In his latest "ad report card," Slate critic Seth Stevenson manfully takes on Playtex's new campaign for a tampon it's calling "Playtex Sport." (The tagline--honestly!--is "May the best protection win.") I haven't yet seen the spot, but I enjoyed Seth's description of "several crotch-centric shots, including a gymnast with legs splayed wildly and a snowboarder in a strained, midair squat." Yes, that's what we gals like to do, any time of the month!
I have to take issue, though, with Seth's argument that the campaign represents a bold new direction in tampon advertising, away from fearmongering (will I leak? will he notice?) and toward a more athletic image.

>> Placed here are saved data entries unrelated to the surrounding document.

lemma card_partition_on_bij_betw:
  assumes "bij_betw f A B" "finite A"
  shows "card {P. partition_on A P} = card {P. partition_on B P}"
proof (rule antisym)
  have "finite B" using assms bij_betw_finite by blast
  then show "card {P. partition_on A P} \<le> card {P. partition_on B P}"
    using assms card_partition_on_le_inj_image[of f A] by (simp add: bij_betw_def)
  have "bij_betw (inv_into A f) B A" using assms(1) by (rule bij_betw_inv_into)
  then show "card {P. partition_on B P} \<le> card {P. partition_on A P}"
    using assms card_partition_on_le_inj_image[of "inv_into A f" B] by (simp add: bij_betw_def)
qed

lemma card_partition_on_eq_Bell:
  assumes "finite A"
  shows "card {P. partition_on A P} = Bell (card A)"
proof -
  obtain h where "bij_betw h {..<card A} A"
    using ex_bij_betw_nat_finite[OF assms] by (auto simp: atLeast0LessThan)
  then show ?thesis unfolding Bell_def by (intro card_partition_on_bij_betw[symmetric]) auto
qed

lemma Bell_0 [simp]: "Bell 0 = 1"
  by (simp add: Bell_def partition_on_empty)

lemma bij_betw_partition_on_insert:
  assumes "a \<notin> A"
  shows "bij_betw (\<lambda>(T, Q). insert (insert a (A - T)) Q)
    (SIGMA T:Pow A. {Q. partition_on T Q}) {P. partition_on (insert a A) P}"
    (is "bij_betw ?\<Phi> ?S ?P")
proof -
  define \<Psi> where "\<Psi> P = ({x\<in>A. \<forall>b\<in>P. a \<in> b \<longrightarrow> x \<notin> b}, {b\<in>P. a \<notin> b})" for P
  have block_of_a: "\<exists>b\<in>P. a \<in> b \<and> \<Psi> P = (A - b, P - {b})
      \<and> partition_on (A - b) (P - {b}) \<and> insert a (A - (A - b)) = b"
    if P: "partition_on (insert a A) P" for P
  proof -
    obtain b where b: "b \<in> P" "a \<in> b" using P by (auto simp: partition_on_def)
    have uniq: "\<And>b'. b' \<in> P \<Longrightarrow> x \<in> b' \<Longrightarrow> x \<in> b \<Longrightarrow> b' = b" for x
      using P b(1) by (auto simp: partition_on_def disjoint_def)
    have "{x\<in>A. \<forall>b\<in>P. a \<in> b \<longrightarrow> x \<notin> b} = A - b" using uniq b by blast
    moreover have "{b\<in>P. a \<notin> b} = P - {b}" using uniq b by blast
    moreover have "disjnt b (\<Union>(P - {b}))" using uniq by (auto simp: disjnt_def)
    then have "partition_on (insert a A - b) (P - {b})"
      using partition_on_insert P b(1) by (metis insert_Diff)
    moreover have "insert a A - b = A - b" using b by auto
    moreover have "b \<subseteq> insert a A" using P b by (auto simp: partition_on_def)
    then have "insert a (A - (A - b)) = b" using b by blast
    ultimately show ?thesis using b unfolding \<Psi>_def by (intro bexI[of _ b]) simp_all
  qed
  show ?thesis
  proof (rule bij_betw_byWitness[where f' = \<Psi>])
    show "\<forall>x\<in>?S. \<Psi> (?\<Phi> x) = x"
    proof
      fix x assume "x \<in> ?S"
      then obtain T Q where x: "x = (T, Q)" "T \<subseteq> A" "partition_on T Q" by auto
      then have "\<forall>b\<in>Q. a \<notin> b" using assms by (auto simp: partition_on_def)
      then show "\<Psi> (?\<Phi> x) = x" unfolding x \<Psi>_def using x(2) assms by (auto simp: Ball_def)
    qed
    show "\<forall>P\<in>?P. ?\<Phi> (\<Psi> P) = P"
    proof
      fix P assume "P \<in> ?P"
      then obtain b where "b \<in> P" "\<Psi> P = (A - b, P - {b})" "insert a (A - (A - b)) = b"
        using block_of_a by auto
      then show "?\<Phi> (\<Psi> P) = P" by (simp add: insert_absorb)
    qed
    show "?\<Phi> ` ?S \<subseteq> ?P"
    proof (rule image_subsetI)
      fix x assume "x \<in> ?S"
      then obtain T Q where x: "x = (T, Q)" "T \<subseteq> A" "partition_on T Q" by auto
      have "disjnt (insert a (A - T)) (\<Union>Q)"
        using x assms by (auto simp: disjnt_def partition_on_def)
      moreover have "insert a A - insert a (A - T) = T" using x assms by auto
      ultimately show "?\<Phi> x \<in> ?P"
        using partition_on_insert[of "insert a (A - T)" Q "insert a A"] x by (simp; blast)
    qed
    show "\<Psi> ` ?P \<subseteq> ?S"
    proof
      fix x assume "x \<in> \<Psi> ` ?P"
      then obtain P where "partition_on (insert a A) P" "x = \<Psi> P" by auto
      with block_of_a obtain b where "x = (A - b, P - {b})" "partition_on (A - b) (P - {b})"
        by blast
      then show "x \<in> ?S" by auto
    qed
  qed
qed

Unlike Seth, who is venturing into terra incognita here, I have some intimate knowledge (so to speak) of the subject--and not only because ain't I a woman? Many years ago I researched and wrote a book about tampons (it's waaay out of print, but immortalized in Straight Dope, which misspells my name only once). [Update: The misspelling has been fixed!] I was the first journalist allowed to tour the Tampax factory (then in Palmer, Massachusetts), and I may have been the first person to have had a tampon museum in her basement (tragically lost, or rather absorbed, in the Great Berkeley Flood of 1985). I also studied the rich lore of tampon marketing, which brings me to the subject at hand.
The "feminine protection"-sport connection is actually quite venerable, dating back at least to the 1960s. The marvelous online Museum of Menstruation and Women's Health (MUM.org; my name is misspelled there, too) reproduces a 1982 Stayfree pad ad featuring gymnast Cathy Rigby; a few years later, Mary Lou Retton hawked "petal soft" Tampax. (Only Rigby is depicted in crotch-centric action.) Tampon manufacturers, eager to deflect attention from their product's bizarre reputation as a deflowerer of virgins (a myth fomented largely by the Catholic Church), often touted "active lifestyle" as their product's main benefit.
Tampon package graphics drove home the sporting message--and inspired the following ancient joke, which I've copied from the MUM site:
Three boys are sitting on the stoop on a summer's afternoon. One of their fathers, exasperated that the kids are just sitting around, gives them five bucks and tells them to go amuse themselves. As they walk down Main Street they debate what they should do with the money. Should they buy a deck of cards? A football? Play in the arcade? "Wait a sec!" says one of the boys as he runs into the drug store. "Wait here!" A few minutes later he comes out with a package of tampons. "You idiot!" his friends shout. "We were going to have some fun. What are we going to do with those?"
"Look what it says right here on the box," the boy replies: "You can go horseback riding, you can go swimming..."
(Yes, that's carefree girl Cheryl Tiegs up in the left-hand corner, in an early-1970s ad for Carefree tampons. Hat tip to Museum of Menstruation.)





That was a lot of tampon information. I feel so fresh after reading that. Thanks!